The merits of private blockchains remain a matter of debate, but Kadena transitioned from a private JPMorgan blockchain in 2016 to a public spinoff in 2020, taking Popejoy, former a JPMorgan executive, with it.

“There was some innovation in private blockchain for a second, and that kind of represents us.” However, “there was this idea that we needed something […] that could serve business-scale needs, and that’s how we arrived at our version of a public blockchain,” Popejoy said in an interview with Cointelegraph, adding:

“This stuff is never going to take off if it can’t handle industrial loads.”

Kadena has horizontal scaling as a feature. “We focused on safe smart contracts and scalability as a safety thing, in the sense of risk management, like if you have to wait a day for your Bitcoin transaction go through,” when the system is backed up, Popejoy said.

Popejoy mentioned Bitcoin frequently. He said:

“We were very thrilled by the fundamental design of Bitcoin.”

“We believe that the real problem with proof of work is not that it uses energy, it’s that it uses energy inefficiently,” he added. “Bitcoin: there’s all this energy being used and it’s not improving the system. It’s the same slow system it was 15 years ago.”

Related: The blockchain trilemma: Can it ever be tackled?

Like Bitcoin, Kadena uses a proof-of-work consensus mechanism, “but it scales it so that we actually have horizontal scaling for proof of work,” Popejoy said. “We like to say, and it’s true, because I know how this stuff actually works, we could settle the entire U.S. stock market today, daily, on Kadena.”

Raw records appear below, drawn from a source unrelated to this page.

text \<open>A subinvariant interior vector \<open>y\<close> of \<open>I - A N'\<close> yields the subinvariant interior
  vector \<open>A\<^sup>-\<^sup>1 y\<close> of \<open>I - N A\<close>.\<close>
lemma spectral_radius_comparison_inverse_geq:
  fixes A N N' :: "real^'n^'n"
  assumes K: "proper_cone K" and A: "K_monotone K A"
    and B: "K_nonneg K (mat 1 - N ** A)" and B': "K_nonneg K (mat 1 - A ** N')"
    and NN': "K_geq K N N'"
  shows "spectral_radius (mat 1 - N ** A) \<le> spectral_radius (mat 1 - A ** N')"
proof (rule dense_ge)
  fix t assume "spectral_radius (mat 1 - A ** N') < t"
  then obtain y where y: "y \<in> interior K" "t *\<^sub>R y - (mat 1 - A ** N') *v y \<in> K"
    using spectral_radius_cone(3)[OF K B'] by blast
  have invA: "invertible A" and Ai: "K_nonneg K (matrix_inv A)"
    using A by (auto simp: K_monotone_def)
  define w where "w = matrix_inv A *v y"
  have "invertible (matrix_inv A)"
    using invA matrix_inv_left matrix_inv_right invertible_def by blast
  then have w: "w \<in> interior K" unfolding w_def by (rule K_nonneg_invertible_interior[OF _ Ai y(1)])
  have y_eq: "y = A *v w" by (simp add: w_def matrix_vector_mul_assoc matrix_inv_right[OF invA])
  have "matrix_inv A *v (t *\<^sub>R y - (mat 1 - A ** N') *v y) = t *\<^sub>R w - w + N' *v y"
    by (simp add: w_def matrix_vector_mult_diff_distrib matrix_vector_mult_diff_rdistrib
        matrix_vector_mult_scaleR matrix_vector_mul_assoc matrix_mul_assoc matrix_inv_left[OF invA])
  moreover have "(mat 1 - N ** A) *v w = w - N *v y"
    by (simp add: y_eq matrix_vector_mult_diff_rdistrib matrix_vector_mul_assoc)
  ultimately have "t *\<^sub>R w - (mat 1 - N ** A) *v w
      = (N - N') *v y + matrix_inv A *v (t *\<^sub>R y - (mat 1 - A ** N') *v y)"
    by (simp add: matrix_vector_mult_diff_rdistrib algebra_simps)
  also have "\<dots> \<in> K"
    using NN' Ai y interior_subset by (intro proper_cone_add[OF K]) (auto simp: K_geq_def K_nonneg_def)
  finally show "spectral_radius (mat 1 - N ** A) \<le> t"
    by (rule spectral_radius_le_subinvariant[OF K B w])
qed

Not everyone sees that speed as a benefit, but Popejoy pointed out that clawbacks can be programmed into smart contracts and security tokens.

Kadena currently has 20 chains running in parallel, but more chains would use the same amount of energy.

The real issue with proof of work is the distribution of money. “Proof of stake produces money and then it uses ownership of money to determine who runs the system,” Popejoy said. Proof of work “is the fairest distribution for getting coins into people’s hands.”